Карел поцеловал ее в ответ и с неодобрением посмотрел на тарелку Хелен. Ему, в отличие от Теи, недоставало такта.

– Вы не голодны? – спросил он и прибавил: – Что-то вы очень молчаливая.

– Все так говорят, – ответила Хелен.

Тея положила вилку.

– Вы давно в Праге?

– Двадцать лет.

– И чем занимаетесь?

– Переводами, хотя немецкий знаю лучше, чем чешский.

– Ничего себе! А над чем вы сейчас работаете? Шиллер? Петер Штамм? Новое издание Зебальда?

– Инструкция к электроинструментам фирмы «Бош».

(Хелен улыбнулась тогда и улыбается сейчас, вспоминая.)

– Да, врать не буду, я разочарована. Но скажите-ка, я ведь угадала, вы из Лондона? Или из Эссекса?

– Увы, из Эссекса.

– Ну что ж теперь. А в Прагу переехали, потому что?..

Хелен покраснела. Как объяснить свое добровольное изгнание этим чужим улыбающимся людям?

Тея увидела ее замешательство.

– Простите. Никак не избавлюсь от привычки вести перекрестный допрос.

– Интересно, будь наша гостья на скамье подсудимых, какой бы ей вынесли приговор? – поинтересовался Карел и, посмотрев на Хелен поверх бокала, допил вино.

Хелен вдруг почувствовала неприязнь к этой парочке – к их дорогой одежде и теплой квартире, к их обаянию, непринужденности, непрошеному гостеприимству, к тому, как они вытягивали из нее секреты. Но это ощущение быстро прошло, когда Тея, шлепнув Карела по руке, с примирительной улыбкой спросила:

– А кто-нибудь из вас видел в библиотеке в день нашей встречи старика, который плакал над рукописью? Как думаете, что там такое было? Может, он писал любовные письма кому-то давно умершему?

Потом, помогая Хелен надеть пальто, она сказала:

– Я очень рада, что вы пришли. Может, заглянете к нам еще раз, и мы поговорим об Англии, обо всем, что нам в ней не нравится, и о том, как хочется туда вернуться?

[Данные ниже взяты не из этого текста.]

(* (i) Let $N\ge1$ be an integer, let $\nu$ have the distribution of $\frac1N\sum_{m=1}^N|\xi_m|$ where $\xi_1,\dots,\xi_N$ are independent standard normal variables, and let $\omega\sim\mathcal N(0,1)$. Then $\mathbb P(\nu\ge t)\le 2^N\,\mathbb P(\omega\ge\sqrt N t)$ for all $t>0$; moreover, if $t\ge2\sqrt{\ln2}$, then $\mathbb P(\nu\ge t)\le\exp(-Nt^2/4)$. (ii) Let $0\le k<j$ be integers and let $\nu=(\nu_0,\dots,\nu_{2^j-1})$ be a vector of independent random variables each distributed as $\frac1N\sum_{m=1}^N|\xi_m|$ (as in (i)), and let $\nu^*=(\nu^*_1,\dots,\nu^*_{2^j})$ be its non-increasing rearrangement. Then $$\mathbb P(\nu^*_{2^k}\ge t)\le\big[e\cdot2^{j-k}\exp(-Nt^2/4)\big]^{2^k},\qquad t\ge2\sqrt{\ln 2}.$$ *)

theory Defs
  imports "HOL-Probability.Probability"
begin

definition std_gauss :: "real measure" where
  "std_gauss = density lborel (\<lambda>x. ennreal (std_normal_density x))"

definition nu_dist :: "nat \<Rightarrow> real measure" where
  "nu_dist N = distr (PiM {..<N} (\<lambda>_. std_gauss)) borel
                     (\<lambda>x. (\<Sum>m<N. \<bar>x m\<bar>) / real N)"

text \<open>Non-increasing rearrangement of the vector (v 0, ..., v (n-1)), 1-indexed:
  decr_rearr v n 1 is the largest entry, decr_rearr v n n the smallest.\<close>
definition decr_rearr :: "(nat \<Rightarrow> real) \<Rightarrow> nat \<Rightarrow> nat \<Rightarrow> real" where
  "decr_rearr v n i = rev (sort (map v [0..<n])) ! (i - 1)"

end

theory Submission
  imports Defs
begin

(* Since |x_1| + ... + |x_N| is the maximum of e_1 x_1 + ... + e_N x_N over the 2^N sign
   vectors e, the event nu >= t is covered by the 2^N events e.x >= N t, and e.x / sqrt N is
   standard normal; this is (i). With the Gaussian tail bound exp (-s^2/2) and
   2^N = exp (N ln 2) <= exp (N t^2/4) it gives the exponential bound. For (ii), nu*_r >= t
   means that at least r = 2^k of the n = 2^j independent coordinates are >= t; a union bound
   over the (n choose r) <= (e n / r)^r sets of r coordinates gives the estimate. *)

lemma prob_space_std_gauss: "prob_space std_gauss"
  unfolding std_gauss_def by (rule prob_space_normal_density) simp

lemma sets_std_gauss [measurable_cong, simp]: "sets std_gauss = sets borel"
  unfolding std_gauss_def by simp

lemma distributed_std_normal_density_iff:
  "distributed M lborel X std_normal_density \<longleftrightarrow>
     X \<in> borel_measurable M \<and> distr M borel X = std_gauss"
  by (auto simp: distributed_def std_gauss_def distr_def)

lemma distr_PiM_std_gauss_component:
  assumes "i \<in> I"
  shows "distr (PiM I (\<lambda>_. std_gauss)) borel (\<lambda>x. x i) = std_gauss"
proof -
  have "distr (PiM I (\<lambda>_. std_gauss)) borel (\<lambda>x. x i)
      = distr (PiM I (\<lambda>_. std_gauss)) std_gauss (\<lambda>x. x i)"
    by (intro distr_cong) simp_all
  also have "\<dots> = std_gauss"
    using assms by (intro distr_PiM_component prob_space_std_gauss)
  finally show ?thesis .
qed

lemma indep_vars_PiM_components:
  assumes "\<And>i. i \<in> I \<Longrightarrow> prob_space (M i)" and "I \<noteq> {}"
  shows "prob_space.indep_vars (PiM I M) M (\<lambda>i x. x i) I"
proof -
  interpret P: prob_space "PiM I M" by (intro prob_space_PiM assms)
  have "distr (PiM I M) (PiM I M) (\<lambda>x. \<lambda>i\<in>I. x i) = distr (PiM I M) (PiM I M) (\<lambda>x. x)"
    by (intro distr_cong) (auto simp: space_PiM PiE_def extensional_restrict)
  also have "\<dots> = PiM I (\<lambda>i. distr (PiM I M) (M i) (\<lambda>x. x i))"
    using assms by (auto intro!: PiM_cong distr_PiM_component[symmetric])
  finally show ?thesis
    using assms by (subst P.indep_vars_iff_distr_eq_PiM') auto
qed

lemma distr_normalized_signed_sum_std_gauss:
  assumes I: "finite I" "I \<noteq> {}" and e: "\<And>i. i \<in> I \<Longrightarrow> \<bar>e i\<bar> = 1"
  shows "distr (PiM I (\<lambda>_. std_gauss)) borel (\<lambda>x. (\<Sum>i\<in>I. e i * x i) / sqrt (card I))
           = std_gauss"
proof -
  interpret P: prob_space "PiM I (\<lambda>_. std_gauss)"
    by (intro prob_space_PiM prob_space_std_gauss)
  have indep: "P.indep_vars (\<lambda>_. borel) (\<lambda>i x. e i * x i) I"
    by (rule P.indep_vars_compose2[OF indep_vars_PiM_components])
       (use I prob_space_std_gauss in auto)
  have "distributed (PiM I (\<lambda>_. std_gauss)) lborel (\<lambda>x. 0 + e i * x i)
          (normal_density (0 + e i * 0) (\<bar>e i\<bar> * 1))" if "i \<in> I" for i
    using that e[OF that]
    by (intro P.normal_density_affine)
       (auto simp: distributed_std_normal_density_iff distr_PiM_std_gauss_component)
  then have "distributed (PiM I (\<lambda>_. std_gauss)) lborel (\<lambda>x. \<Sum>i\<in>I. e i * x i)
               (normal_density (\<Sum>i\<in>I. 0) (sqrt (\<Sum>i\<in>I. 1\<^sup>2)))"
    using e by (intro P.sum_indep_normal I indep) auto
  then have "distributed (PiM I (\<lambda>_. std_gauss)) lborel
               (\<lambda>x. 0 + (1 / sqrt (card I)) * (\<Sum>i\<in>I. e i * x i))
               (normal_density (0 + (1 / sqrt (card I)) * 0) (\<bar>1 / sqrt (card I)\<bar> * sqrt (card I)))"
    using I by (intro P.normal_density_affine) (auto simp: card_gt_0_iff)
  then show ?thesis
    using I by (simp add: distributed_std_normal_density_iff card_gt_0_iff)
qed
(* Let $\Theta=\{\sigma_1,\dots,\sigma_q\}$ be a regular set of pairwise commuting Pauli operators on $k$ (memory) qubits, $\sigma_j=\nu_j\sigma_{X,j}\sigma_{Z,j}$, with characteristic numbers $\eta_j$. Add ancilla qubits $(0,j)$ and $(1,j)$, $j=1,\dots,q$, with Pauli operators $X_{\alpha,j},Y_{\alpha,j},Z_{\alpha,j}$. For any memory state $|\psi\rangle$ let $|\Psi_i\rangle=|\psi\rangle\otimes\bigotimes_j|+\rangle_{0,j}\otimes\bigotimes_j|y+\rangle_{1,j}$ (with $X|+\rangle=|+\rangle$, $Y|y+\rangle=|y+\rangle$). For outcomes $\mu_{X,j},\mu_{Z,j},\mu_{0,j},\mu_{1,j}\in\{\pm1\}$ define $$|\Psi_f\rangle=\Big(\prod_j\sigma_{Z,j}^{c_j}\Big)\Big(\prod_j\tfrac{1+\mu_{1,j}Y_{1,j}}2\Big)\Big(\prod_j\tfrac{1+\mu_{0,j}X_{0,j}}2\Big)\Big(\prod_j\tfrac{1+\mu_{Z,j}\sigma_{Z,j}Z_{0,j}^{1-\eta_j}X_{1,j}^{\eta_j}}2\Big)\Big(\prod_j\tfrac{1+\mu_{X,j}\sigma_{X,j}Z_{0,j}^{1-\eta_j}Z_{1,j}^{\eta_j}}2\Big)|\Psi_i\rangle,$$ where $c_j=1$ if ($\eta_j=0$ and $\mu_{0,j}=-1$) or ($\eta_j=1$ and $\mu_{1,j}=-1$), and $c_j=0$ otherwise. Then $$|\Psi_f\rangle=\Big(\prod_{j=1}^q\tfrac{1+(-i)^{\eta_j}\nu_j\mu_{X,j}\mu_{Z,j}\sigma_j}{2}\Big)|\psi\rangle\otimes|\phi\rangle$$ for some ancilla state $|\phi\rangle$ whose norm $\langle\phi|\phi\rangle$ does not depend on the outcomes $\mu_{X,j},\mu_{Z,j}$. (That is, the protocol realises the simultaneous measurement of $\Theta$ with outcome $(-i)^{\eta_j}\nu_j\mu_{X,j}\mu_{Z,j}$ for $\sigma_j$.)
   Context: Every Pauli operator $\sigma$ (with phase) on a set of qubits can be written uniquely as $\sigma=\nu\sigma_X\sigma_Z$ with $\nu\in\{\pm1,\pm i\}$, $\sigma_X$ a tensor product of Pauli $X$ and identity factors, and $\sigma_Z$ a tensor product of Pauli $Z$ and identity factors; here the operators $\sigma_j$ are Hermitian. The characteristic number $\eta_j$ of $\sigma_j$ is $0$ if $\sigma_{X,j}$ and $\sigma_{Z,j}$ commute and $1$ if they anticommute (so $\nu_j=\pm1$ when $\eta_j=0$ and $\nu_j=\pm i$ when $\eta_j=1$). A set $\{\sigma_1,\dots,\sigma_q\}$ is regular if $\sigma_{X,i}$ commutes with $\sigma_{Z,j}$ for all $i\neq j$. Memory operators act on the memory factor only; ancilla operators act on the indicated ancilla qubit only. *)

theory Defs
  imports Complex_Main
begin
(* Let $G=(V,E)$ be a finite planar embedded graph with $V=\{1,\dots,n\}$, let $\mathbf{p}$ be a packing of $G$, and let $V=V^+\sqcup V^-\sqcup V^=\sqcup V^0$ be a partition. Suppose $\omega$ is an equilibrium stress on $(G,\mathbf{p})$ whose radial force sum $\omega_i=\sum_{j:(i,j)\in E}\omega_{ij}(r_i+r_j)$ is strictly positive for $i\in V^-$, strictly negative for $i\in V^+$, and $0$ for $i\in V^0$. Let $\mathbf{p}'=(x_1',y_1',r_1',\dots,x_n',y_n',r_n')\in\mathbb{R}^{3n}$ be any vector (not required to be an infinitesimal flex), and write $D_{ij}=(\mathbf{p}_i-\mathbf{p}_j)\cdot(\mathbf{p}_i'-\mathbf{p}_j')-(r_i+r_j)(r_i'+r_j')$ for $(i,j)\in E$. Suppose that: $D_{ij}\ge 0$ whenever $\omega_{ij}<0$ (the disks stay tangent or separate to first order); $D_{ij}\le 0$ whenever $\omega_{ij}>0$ (the disks stay tangent or overlap to first order); and $r_k'\ge 0$ for $k\in V^+$, $r_k'\le 0$ for $k\in V^-$, $r_k'=0$ for $k\in V^=$. Then $r_k'=0$ for every $k\in V^+\cup V^-$, and $D_{ij}=0$ for every edge $(i,j)$ with $\omega_{ij}\neq 0$.
   Context: A packing of a planar embedded graph $G=(V,E)$ is a vector $\mathbf{p}=(x_1,y_1,r_1,\dots,x_n,y_n,r_n)\in\mathbb{R}^{3n}$ with all $r_i>0$ such that $(r_i+r_j)^2=(x_i-x_j)^2+(y_i-y_j)^2$ for every edge $(i,j)\in E$, and around each vertex the neighbors appear in the same counterclockwise order as in the given embedding; $\mathbf{p}_i=(x_i,y_i)$, $\mathbf{p}_i'=(x_i',y_i')$. A stress is a function $\omega:E\to\mathbb{R}$; it is an equilibrium stress if $\sum_{j:(i,j)\in E}\omega_{ij}(\mathbf{p}_i-\mathbf{p}_j)=0$ for every vertex $i$. *)

theory Defs
  imports "HOL-Analysis.Analysis"
begin

text \<open>The edge set E is a symmetric irreflexive relation on
  the vertex set (each undirected edge appears as both (i,j) and (j,i)).
  The planar embedding is given combinatorially by a rotation system:
  rot i lists the neighbours of i in counterclockwise cyclic order.\<close>

definition simple_graph_on :: "nat \<Rightarrow> (nat \<times> nat) set \<Rightarrow> bool" where
  "simple_graph_on n E \<longleftrightarrow> E \<subseteq> {1..n} \<times> {1..n} \<and> sym E \<and> (\<forall>i. (i,i) \<notin> E)"

definition nbrs :: "(nat \<times> nat) set \<Rightarrow> nat \<Rightarrow> nat set" where
  "nbrs E i = {j. (i,j) \<in> E}"

definition rotation_system :: "nat \<Rightarrow> (nat \<times> nat) set \<Rightarrow> (nat \<Rightarrow> nat list) \<Rightarrow> bool" where
  "rotation_system n E rot \<longleftrightarrow> (\<forall>i\<in>{1..n}. distinct (rot i) \<and> set (rot i) = nbrs E i)"

definition cyc_next :: "nat list \<Rightarrow> nat \<Rightarrow> nat" where
  "cyc_next xs a = xs ! (((SOME k. k < length xs \<and> xs ! k = a) + 1) mod length xs)"

text \<open>Face permutation on darts: (i,j) goes to (j, successor of i around j).\<close>
definition face_step :: "(nat \<Rightarrow> nat list) \<Rightarrow> nat \<times> nat \<Rightarrow> nat \<times> nat" where
  "face_step rot d = (snd d, cyc_next (rot (snd d)) (fst d))"

definition num_faces :: "nat \<Rightarrow> (nat \<times> nat) set \<Rightarrow> (nat \<Rightarrow> nat list) \<Rightarrow> nat" where
  "num_faces n E rot =
     card ((\<lambda>d. {(face_step rot ^^ k) d | k. True}) ` E)
     + card {i \<in> {1..n}. nbrs E i = {}}"

definition num_components :: "nat \<Rightarrow> (nat \<times> nat) set \<Rightarrow> nat" where
  "num_components n E = card ((\<lambda>i. {j \<in> {1..n}. (i,j) \<in> E\<^sup>*}) ` {1..n})"

text \<open>A rotation system is planar (genus 0 on every component) iff Euler's formula
  V - E + F = 2C holds, where E counts undirected edges (= half the darts).\<close>
definition planar_embedded_graph :: "nat \<Rightarrow> (nat \<times> nat) set \<Rightarrow> (nat \<Rightarrow> nat list) \<Rightarrow> bool" where
  "planar_embedded_graph n E rot \<longleftrightarrow>
     simple_graph_on n E \<and> rotation_system n E rot \<and>
     int n - int (card E div 2) + int (num_faces n E rot) = 2 * int (num_components n E)"

definition ccw_around :: "real \<times> real \<Rightarrow> (real \<times> real) list \<Rightarrow> bool" where
  "ccw_around c ps \<longleftrightarrow>
     (\<exists>k. sorted_wrt (<)
            (map (\<lambda>q. Arg (Complex (fst q - fst c) (snd q - snd c))) (rotate k ps)))"

definition packing ::
  "nat \<Rightarrow> (nat \<times> nat) set \<Rightarrow> (nat \<Rightarrow> nat list) \<Rightarrow>
   (nat \<Rightarrow> real) \<Rightarrow> (nat \<Rightarrow> real) \<Rightarrow> (nat \<Rightarrow> real) \<Rightarrow> bool" where
  "packing n E rot x y r \<longleftrightarrow>
     (\<forall>i\<in>{1..n}. r i > 0) \<and>
     (\<forall>(i,j)\<in>E. (r i + r j)\<^sup>2 = (x i - x j)\<^sup>2 + (y i - y j)\<^sup>2) \<and>
     (\<forall>i\<in>{1..n}. ccw_around (x i, y i) (map (\<lambda>j. (x j, y j)) (rot i)))"

definition equilibrium_stress ::
  "nat \<Rightarrow> (nat \<times> nat) set \<Rightarrow> (nat \<Rightarrow> real) \<Rightarrow> (nat \<Rightarrow> real) \<Rightarrow> (nat \<Rightarrow> nat \<Rightarrow> real) \<Rightarrow> bool" where
  "equilibrium_stress n E x y \<omega> \<longleftrightarrow>
     (\<forall>i\<in>{1..n}. (\<Sum>j\<in>nbrs E i. \<omega> i j * (x i - x j)) = 0 \<and>
                  (\<Sum>j\<in>nbrs E i. \<omega> i j * (y i - y j)) = 0)"

definition radial_force :: "(nat \<times> nat) set \<Rightarrow> (nat \<Rightarrow> real) \<Rightarrow> (nat \<Rightarrow> nat \<Rightarrow> real) \<Rightarrow> nat \<Rightarrow> real" where
  "radial_force E r \<omega> i = (\<Sum>j\<in>nbrs E i. \<omega> i j * (r i + r j))"

definition Dij ::
  "(nat \<Rightarrow> real) \<Rightarrow> (nat \<Rightarrow> real) \<Rightarrow> (nat \<Rightarrow> real) \<Rightarrow>
   (nat \<Rightarrow> real) \<Rightarrow> (nat \<Rightarrow> real) \<Rightarrow> (nat \<Rightarrow> real) \<Rightarrow> nat \<Rightarrow> nat \<Rightarrow> real" where
  "Dij x y r x' y' r' i j =
     (x i - x j) * (x' i - x' j) + (y i - y j) * (y' i - y' j) - (r i + r j) * (r' i + r' j)"

end

theory Submission
  imports Defs
begin

text \<open>Principle of virtual work: splitting each \<open>D i j\<close> into the contributions of its two
  endpoints and summing over the neighbours of each vertex, the equilibrium condition
  cancels the translational parts and leaves
  \<open>(\<Sum>(i, j)\<in>E. \<omega> i j * D i j) = -2 * (\<Sum>i. r' i * \<omega>\<^sub>i)\<close>.
  The sign hypotheses make every term on the left \<open>\<le> 0\<close> and every term on the right
  \<open>\<ge> 0\<close>, so all of them vanish.\<close>

lemma sum_sym_relation_swap:
  assumes "sym E"
  shows "(\<Sum>(i, j)\<in>E. f j i) = (\<Sum>(i, j)\<in>E. f i j)"
proof -
  have "prod.swap ` E = E"
    using assms unfolding sym_def by force
  then have "(\<Sum>(i, j)\<in>E. f i j) = (\<Sum>d\<in>prod.swap ` E. case_prod f d)"
    by simp
  also have "\<dots> = (\<Sum>(i, j)\<in>E. f j i)"
    by (subst sum.reindex) (auto simp: inj_on_def comp_def case_prod_beta)
  finally show ?thesis ..
qed

lemma sum_relation_nbrs:
  assumes "E \<subseteq> V \<times> V" and "finite V"
  shows "(\<Sum>d\<in>E. g d) = (\<Sum>i\<in>V. \<Sum>j\<in>nbrs E i. g (i, j))"
proof -
  have "E = Sigma V (nbrs E)"
    using assms(1) by (auto simp: nbrs_def)
  moreover have "finite (nbrs E i)" for i
    using assms by (auto intro: finite_subset[of _ V] simp: nbrs_def)
  ultimately show ?thesis
    using assms(2) by (simp add: sum.Sigma)
qed

lemma virtual_work_identity:
  assumes E: "E \<subseteq> {1..n} \<times> {1..n}" "sym E"
    and \<omega>_sym: "\<forall>(i, j)\<in>E. \<omega> i j = \<omega> j i"
    and eq: "equilibrium_stress n E x y \<omega>"
  shows "(\<Sum>(i, j)\<in>E. \<omega> i j * Dij x y r x' y' r' i j)
           = - 2 * (\<Sum>i\<in>{1..n}. r' i * radial_force E r \<omega> i)"
proof -
  define half where "half i j =
    \<omega> i j * ((x i - x j) * x' i + (y i - y j) * y' i - (r i + r j) * r' i)" for i j
  have "(\<Sum>(i, j)\<in>E. \<omega> i j * Dij x y r x' y' r' i j) = (\<Sum>(i, j)\<in>E. half i j + half j i)"
    using \<omega>_sym by (intro sum.cong) (auto simp: half_def Dij_def algebra_simps)
  also have "\<dots> = 2 * (\<Sum>(i, j)\<in>E. half i j)"
    using sum_sym_relation_swap[OF E(2), of half]
    by (simp add: sum.distrib case_prod_beta)
  also have "(\<Sum>(i, j)\<in>E. half i j) = (\<Sum>i\<in>{1..n}. \<Sum>j\<in>nbrs E i. half i j)"
    using sum_relation_nbrs[OF E(1) finite_atLeastAtMost, of "case_prod half"] by simp
  also have "\<dots> = (\<Sum>i\<in>{1..n}. - (r' i * radial_force E r \<omega> i))"
  proof (rule sum.cong)
    fix i assume i: "i \<in> {1..n}"
    have "(\<Sum>j\<in>nbrs E i. half i j)
        = x' i * (\<Sum>j\<in>nbrs E i. \<omega> i j * (x i - x j))
        + y' i * (\<Sum>j\<in>nbrs E i. \<omega> i j * (y i - y j))
        - r' i * (\<Sum>j\<in>nbrs E i. \<omega> i j * (r i + r j))"
      by (simp add: half_def sum_distrib_left sum_subtractf[symmetric]
          sum.distrib[symmetric] algebra_simps)
    then show "(\<Sum>j\<in>nbrs E i. half i j) = - (r' i * radial_force E r \<omega> i)"
      using eq i by (simp add: equilibrium_stress_def radial_force_def)
  qed simp
  finally show ?thesis
    by (simp add: sum_negf)
qed

lemma sum_nonneg_add_sum_nonneg_eq_0_iff:
  fixes f :: "'a \<Rightarrow> 'c::ordered_comm_monoid_add" and g :: "'b \<Rightarrow> 'c"
  assumes "finite A" "finite B" "\<forall>a\<in>A. f a \<ge> 0" "\<forall>b\<in>B. g b \<ge> 0"
  shows "sum f A + sum g B = 0 \<longleftrightarrow> (\<forall>a\<in>A. f a = 0) \<and> (\<forall>b\<in>B. g b = 0)"
  using assms by (simp add: add_nonneg_eq_0_iff sum_nonneg sum_nonneg_eq_0_iff)

lemma mult_nonpos_if_opposite_signs:
  fixes a b :: "'a::linordered_ring"
  assumes "a < 0 \<Longrightarrow> b \<ge> 0" and "a > 0 \<Longrightarrow> b \<le> 0"
  shows "a * b \<le> 0"
  using assms by (cases a "0::'a" rule: linorder_cases) (auto simp: mult_nonpos_nonneg mult_nonneg_nonpos)

theorem mainTheorem2:
  fixes n :: nat and E :: "(nat \<times> nat) set" and rot :: "nat \<Rightarrow> nat list"
    and x y r x' y' r' :: "nat \<Rightarrow> real" and \<omega> :: "nat \<Rightarrow> nat \<Rightarrow> real"
    and Vp Vm Veq V0 :: "nat set"
  assumes G: "planar_embedded_graph n E rot"
    and P: "packing n E rot x y r"
    and part: "Vp \<union> Vm \<union> Veq \<union> V0 = {1..n}"
    and disj: "Vp \<inter> Vm = {}" "Vp \<inter> Veq = {}" "Vp \<inter> V0 = {}"
              "Vm \<inter> Veq = {}" "Vm \<inter> V0 = {}" "Veq \<inter> V0 = {}"
    and \<omega>_sym: "\<forall>(i,j)\<in>E. \<omega> i j = \<omega> j i"
    and eq: "equilibrium_stress n E x y \<omega>"
    and rad_m: "\<forall>i\<in>Vm. radial_force E r \<omega> i > 0"
    and rad_p: "\<forall>i\<in>Vp. radial_force E r \<omega> i < 0"
    and rad_0: "\<forall>i\<in>V0. radial_force E r \<omega> i = 0"
    and D_neg: "\<forall>(i,j)\<in>E. \<omega> i j < 0 \<longrightarrow> Dij x y r x' y' r' i j \<ge> 0"
    and D_pos: "\<forall>(i,j)\<in>E. \<omega> i j > 0 \<longrightarrow> Dij x y r x' y' r' i j \<le> 0"
    and r'_p: "\<forall>k\<in>Vp. r' k \<ge> 0"
    and r'_m: "\<forall>k\<in>Vm. r' k \<le> 0"
    and r'_eq: "\<forall>k\<in>Veq. r' k = 0"
  shows "(\<forall>k\<in>Vp \<union> Vm. r' k = 0) \<and>
         (\<forall>(i,j)\<in>E. \<omega> i j \<noteq> 0 \<longrightarrow> Dij x y r x' y' r' i j = 0)"
proof -
  have E: "E \<subseteq> {1..n} \<times> {1..n}" "sym E"
    using G by (auto simp: planar_embedded_graph_def simple_graph_on_def)
  define edge_work where "edge_work = (\<lambda>(i, j). - (\<omega> i j * Dij x y r x' y' r' i j))"
  define vertex_work where "vertex_work i = - 2 * (r' i * radial_force E r \<omega> i)" for i
  have total: "sum edge_work E + sum vertex_work {1..n} = 0"
    using virtual_work_identity[OF E \<omega>_sym eq, of r x' y' r']
    by (simp add: edge_work_def vertex_work_def case_prod_unfold sum_negf sum_distrib_left)
  have edge_nonneg: "\<forall>d\<in>E. edge_work d \<ge> 0"
    using D_neg D_pos mult_nonpos_if_opposite_signs unfolding edge_work_def by fastforce
  have vertex_nonneg: "\<forall>i\<in>{1..n}. vertex_work i \<ge> 0"
  proof
    fix i assume "i \<in> {1..n}"
    then have "i \<in> Vp \<or> i \<in> Vm \<or> i \<in> Veq \<or> i \<in> V0"
      using part by blast
    then have "radial_force E r \<omega> i * r' i \<le> 0"
      using rad_m rad_p rad_0 r'_p r'_m r'_eq by (auto intro!: mult_nonpos_if_opposite_signs)
    then show "vertex_work i \<ge> 0"
      by (simp add: vertex_work_def mult.commute)
  qed
  have "finite E"
    using E(1) by (rule finite_subset) simp
  then have "(\<forall>d\<in>E. edge_work d = 0) \<and> (\<forall>i\<in>{1..n}. vertex_work i = 0)"
    using sum_nonneg_add_sum_nonneg_eq_0_iff[OF _ _ edge_nonneg vertex_nonneg] total by simp
  moreover have "radial_force E r \<omega> k \<noteq> 0" if "k \<in> Vp \<union> Vm" for k
    using that rad_m rad_p by force
  ultimately show ?thesis
    using part unfolding edge_work_def vertex_work_def by auto
qed

end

Хелен думает об этом с теплотой и в то же время словно сомневается в своих воспоминаниях – за месяцы, прошедшие с того дня, как у Теи случился инсульт, они будто бы стерлись. Больше нет их непринужденных вечерних бесед. А теперь она сидит перед стаканом воды за этим маленьким столиком, с этим новым Карелом – ссутулившимся, встревоженным, чуть ли не безумным. Если содержимое трижды обвязанной кожаным шнуром папки обладает такой страшной властью над ним, может ли оно нарушить и ее душевное спокойствие? Нет-нет, едва ли. Это спокойствие, доставшееся ей огромным трудом, непоколебимо, как камень. Хелен пододвигает к себе листок и читает: «Дорогой доктор Пражан, как глубоко я сожалею, что вы получите эту рукопись и станете свидетелем того, что я совершил…»


Хелен Франклин не пробирает озноб и волосы на ее затылке не встают дыбом, когда письмо дочитано. Ей любопытно, только и всего. Старик исповедуется в каком-то давно забытом грехе (я виноват, виноват, чудовищно виноват), от которого сейчас не вскинет бровь даже самый богобоязненный священник. И все же (она возвращается к письму, читает: у меня кончились чернила, дверь распахнута) в этом страхе и томительном влечении есть что-то странное, напоминающее стыдливую тревогу в глазах ее друга (она уже близко!).

Возвращается Карел, он несет говядину с густой подливкой, стекающей на ноздреватые кнедлики.

– Ну? – интересуется он с какой-то неприятной улыбкой.

Хелен берет тарелку и начинает есть – медленно, маленькими кусочками, без удовольствия.

– Бедняга, – говорит она. – Лет ему, наверное, уже очень много. Только глубокий старик или какой-нибудь любитель порисоваться станет печатать на машинке.

– Девяносто четыре. Выглядел так, будто его законсервировали в банке с уксусом. Я ему сказал: «Вы еще меня переживете. Приносите водку на мои похороны». Он посмеялся.